**Exercise inputs**
-- Opening Marker --
lemma fps_deriv_peak_egf:
  "fps_deriv (peak_egf u v) = peak_egf u v * peak_egf u v - fps_const (v\<^sup>2 - u\<^sup>2)"
proof (rule fps_ext)
  fix n
  show "fps_deriv (peak_egf u v) $ n = (peak_egf u v * peak_egf u v - fps_const (v\<^sup>2 - u\<^sup>2)) $ n"
  proof (cases n)
    case 0
    then show ?thesis by (simp add: peak_egf_def fps_mult_nth peak_sum_singleton power2_eq_square)
  next
    case (Suc k)
    have "fps_deriv (peak_egf u v) $ n = peak_sum u v {1..Suc n} / fact n"
      by (simp add: peak_egf_def fps_deriv_egf)
    moreover have "(peak_egf u v * peak_egf u v) $ n =
        (\<Sum>j\<le>n. of_nat (n choose j) * (peak_sum u v {1..j} * peak_sum u v {1..n - j})) / fact n"
      by (simp add: peak_egf_def egf_mult)
    ultimately show ?thesis using peak_sum_Suc[of n u v] Suc by simp
  qed
qed

lemma fps_deriv_peak_rlmin_egf:
  "fps_deriv (peak_rlmin_egf u v \<beta>) = fps_const \<beta> * peak_egf u v * peak_rlmin_egf u v \<beta>"
proof (rule fps_ext)
  fix n
  have "fps_deriv (peak_rlmin_egf u v \<beta>) $ n = peak_rlmin_sum u v \<beta> {1..Suc n} / fact n"
    by (simp add: peak_rlmin_egf_def fps_deriv_egf)
  moreover have "(peak_egf u v * peak_rlmin_egf u v \<beta>) $ n =
      (\<Sum>j\<le>n. of_nat (n choose j) * (peak_sum u v {1..j} * peak_rlmin_sum u v \<beta> {1..n - j})) / fact n"
    by (simp add: peak_egf_def peak_rlmin_egf_def egf_mult)
  ultimately show "fps_deriv (peak_rlmin_egf u v \<beta>) $ n =
      (fps_const \<beta> * peak_egf u v * peak_rlmin_egf u v \<beta>) $ n"
    using peak_rlmin_sum_Suc[of u v \<beta> n] by (simp add: mult.assoc)
qed

section \<open>Solving the differential equations\<close>

lemma fps_linear_ode_zero:
  fixes Y H :: "'a::{idom,ring_char_0} fps"
  assumes "fps_deriv Y = H * Y" and "Y $ 0 = 0"
  shows "Y = 0"
proof -
  have "\<forall>m\<le>n. Y $ m = 0" for n
  proof (induction n)
    case 0
    then show ?case using assms(2) by simp
  next
    case (Suc n)
    have "fps_deriv Y $ n = 0" using Suc by (simp add: assms(1) fps_mult_nth)
    then have "of_nat (Suc n) * Y $ Suc n = 0" by (simp add: fps_deriv_nth del: of_nat_Suc)
    then have "Y $ Suc n = 0" by (simp del: of_nat_Suc)
    then show ?case using Suc le_Suc_eq by auto
  qed
  then show ?thesis by (intro fps_ext) auto
qed

lemma fps_deriv_fps_exp_compose:
  fixes L :: "'a::field_char_0 fps"
  assumes "L $ 0 = 0"
  shows "fps_deriv (fps_exp c oo L) = fps_const c * fps_deriv L * (fps_exp c oo L)"
  by (simp add: fps_compose_deriv[OF assms] fps_compose_mult_distrib[OF assms] mult_ac)

lemma fps_deriv_fps_ln_compose:
  fixes G :: "'a::field_char_0 fps"
  assumes "G $ 0 = 1"
  shows "fps_deriv (fps_ln 1 oo (G - 1)) * G = fps_deriv G"
proof -
  have G1: "(G - 1) $ 0 = 0" using assms by simp
  have "(inverse (1 + fps_X) oo (G - 1)) * ((1 + fps_X) oo (G - 1)) = (1 :: 'a fps)"
    by (simp add: inverse_mult_eq_1 flip: fps_compose_mult_distrib[OF G1])
  moreover have "(1 + fps_X) oo (G - 1) = G"
    by (simp add: fps_compose_add_distrib fps_X_fps_compose_startby0[OF G1])
  ultimately show ?thesis
    by (simp add: fps_compose_deriv[OF G1] fps_ln_deriv mult_ac)
qed

lemma fps_pow_real_eqI:
  fixes A G :: "real fps"
  assumes "G $ 0 = 1"
    and "fps_deriv A * G = fps_const \<beta> * fps_deriv G * A" and "A $ 0 = 1"
  shows "A = fps_pow_real G \<beta>"
proof -
  define L where "L = fps_ln 1 oo (G - 1)"
  define P where "P = fps_exp \<beta> oo L"
  have GG: "G * inverse G = 1" using assms(1) by (simp add: inverse_mult_eq_1')
  have "L $ 0 = 0" by (simp add: L_def)
  then have "fps_deriv P = fps_const \<beta> * fps_deriv L * P"
    unfolding P_def by (rule fps_deriv_fps_exp_compose)
  moreover have "fps_deriv A = fps_const \<beta> * fps_deriv L * A"
  proof -
    have "fps_deriv A = fps_deriv A * G * inverse G" using GG by (simp add: mult.assoc)
    also have "\<dots> = fps_const \<beta> * (fps_deriv L * G) * inverse G * A"
      using assms(2) fps_deriv_fps_ln_compose[OF assms(1)] by (simp add: L_def mult_ac)
    also have "\<dots> = fps_const \<beta> * fps_deriv L * A"
      using GG by (simp add: mult_ac)
    finally show ?thesis .
  qed
  ultimately have "fps_deriv (A - P) = (fps_const \<beta> * fps_deriv L) * (A - P)"
    by (simp add: algebra_simps)
  moreover have "(A - P) $ 0 = 0" using assms(3) by (simp add: P_def \<open>L $ 0 = 0\<close>)
  ultimately have "A - P = 0" by (rule fps_linear_ode_zero)
  then show ?thesis by (simp add: P_def L_def fps_pow_real_def)
qed

lemma fps_deriv_cosh_fps: "fps_deriv (cosh_fps d) = fps_const d * sinhw_fps d"
proof (rule fps_ext)
  fix n
  show "fps_deriv (cosh_fps d) $ n = (fps_const d * sinhw_fps d) $ n"
  proof (cases "even n")
    case False
    then have "Suc n div 2 = Suc (n div 2)" by presburger
    with False show ?thesis
      by (simp add: cosh_fps_def sinhw_fps_def fact_Suc field_simps del: of_nat_Suc)
  qed (simp add: cosh_fps_def sinhw_fps_def)
qed

lemma fps_deriv_sinhw_fps: "fps_deriv (sinhw_fps d) = cosh_fps d"
proof (rule fps_ext)
  fix n
  show "fps_deriv (sinhw_fps d) $ n = cosh_fps d $ n"
  proof (cases "even n")
    case True
    then have "Suc n div 2 = n div 2" by presburger
    with True show ?thesis
      by (simp add: cosh_fps_def sinhw_fps_def fact_Suc field_simps del: of_nat_Suc)
  qed (simp add: cosh_fps_def sinhw_fps_def)
qed

lemma riccati_linearization:
  fixes X D :: "'a::{idom,ring_char_0} fps"
  assumes "fps_deriv X = X * X - fps_const d"
    and "fps_deriv (fps_deriv D) = fps_const d * D"
    and "X $ 0 * D $ 0 + fps_deriv D $ 0 = 0"
  shows "X * D = - fps_deriv D"
proof -
  define Y where "Y = X * D + fps_deriv D"
  have "fps_deriv Y = X * Y"
    by (simp add: Y_def assms(1,2) algebra_simps)
  moreover have "Y $ 0 = 0" using assms(3) by (simp add: Y_def)
  ultimately have "Y = 0" by (rule fps_linear_ode_zero)
  then show ?thesis by (simp add: Y_def eq_neg_iff_add_eq_0)
qed

lemma riccati_pow_solution:
  fixes X A :: "real fps" and d v \<beta> :: real
  defines "D \<equiv> cosh_fps d - fps_const v * sinhw_fps d"
  assumes "fps_deriv X = X * X - fps_const d" and "X $ 0 = v"
    and "fps_deriv A = fps_const \<beta> * X * A" and "A $ 0 = 1"
  shows "A = fps_pow_real (inverse D) \<beta>"
proof (rule fps_pow_real_eqI)
  have D0: "D $ 0 = 1" by (simp add: D_def cosh_fps_def sinhw_fps_def)
  have "fps_deriv (fps_deriv D) = fps_const d * D"
    by (simp add: D_def fps_deriv_cosh_fps fps_deriv_sinhw_fps algebra_simps)
  moreover have "fps_deriv D $ 0 = - v"
    by (simp add: D_def fps_deriv_cosh_fps fps_deriv_sinhw_fps cosh_fps_def sinhw_fps_def)
  ultimately have XD: "X * D = - fps_deriv D"
    using riccati_linearization[OF assms(2)] assms(3) D0 by simp
  have DG: "D * inverse D = 1" using D0 by (simp add: inverse_mult_eq_1')
  have "fps_deriv (inverse D) = X * D * (inverse D)\<^sup>2"
    using D0 XD by (simp add: fps_inverse_deriv)
  also have "\<dots> = X * inverse D"
    using DG by (simp add: power2_eq_square mult_ac)
  finally have "fps_deriv (inverse D) = X * inverse D" .
  then show "fps_deriv A * inverse D = fps_const \<beta> * fps_deriv (inverse D) * A"
    using assms(4) by (simp add: mult_ac)
  show "inverse D $ 0 = 1" using D0 by simp
qed (use assms(5) in simp)

lemma peak_rlmin_sum_eq:
  "peak_rlmin_sum u v \<beta> {1..n} =
     (\<Sum>\<sigma>\<in>permutations_of_set {1..n}. u ^ (2 * peakL \<sigma>) * v ^ (n - 2 * peakL \<sigma>) * \<beta> ^ RLmin \<sigma>)"
  unfolding peak_rlmin_sum_def
proof (rule sum.cong[OF refl])
  fix \<sigma> assume "\<sigma> \<in> permutations_of_set {1..n}"
  then have "length \<sigma> = n" by (simp add: length_finite_permutations_of_set)
  then show "peak_rlmin_weight u v \<beta> \<sigma> = u ^ (2 * peakL \<sigma>) * v ^ (n - 2 * peakL \<sigma>) * \<beta> ^ RLmin \<sigma>"
    by (simp add: peak_rlmin_weight_def peakL_eq_peak_count_inf RLmin_eq_rlmin_count)
qed

theorem theorem4p2:
  fixes u v \<beta> :: real
  shows "Abs_fps (\<lambda>n. (\<Sum>\<sigma>\<in>permutations_of_set {1..n}.
             u ^ (2 * peakL \<sigma>) * v ^ (n - 2 * peakL \<sigma>) * \<beta> ^ RLmin \<sigma>) / fact n)
       = fps_pow_real
           (inverse (cosh_fps (v\<^sup>2 - u\<^sup>2) - fps_const v * sinhw_fps (v\<^sup>2 - u\<^sup>2)))
           \<beta>"
proof -
  have "Abs_fps (\<lambda>n. (\<Sum>\<sigma>\<in>permutations_of_set {1..n}.
             u ^ (2 * peakL \<sigma>) * v ^ (n - 2 * peakL \<sigma>) * \<beta> ^ RLmin \<sigma>) / fact n)
      = peak_rlmin_egf u v \<beta>"
    unfolding peak_rlmin_egf_def peak_rlmin_sum_eq ..
  also have "\<dots> = fps_pow_real
           (inverse (cosh_fps (v\<^sup>2 - u\<^sup>2) - fps_const v * sinhw_fps (v\<^sup>2 - u\<^sup>2))) \<beta>"
    by (rule riccati_pow_solution[OF fps_deriv_peak_egf _ fps_deriv_peak_rlmin_egf])
      (simp_all add: peak_egf_def peak_rlmin_egf_def)
  finally show ?thesis .
qed

end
-- Closing Marker --
**Problem details**
From the records above, determine how many lines hold "choose" and give only that number.

**Exercise result**
2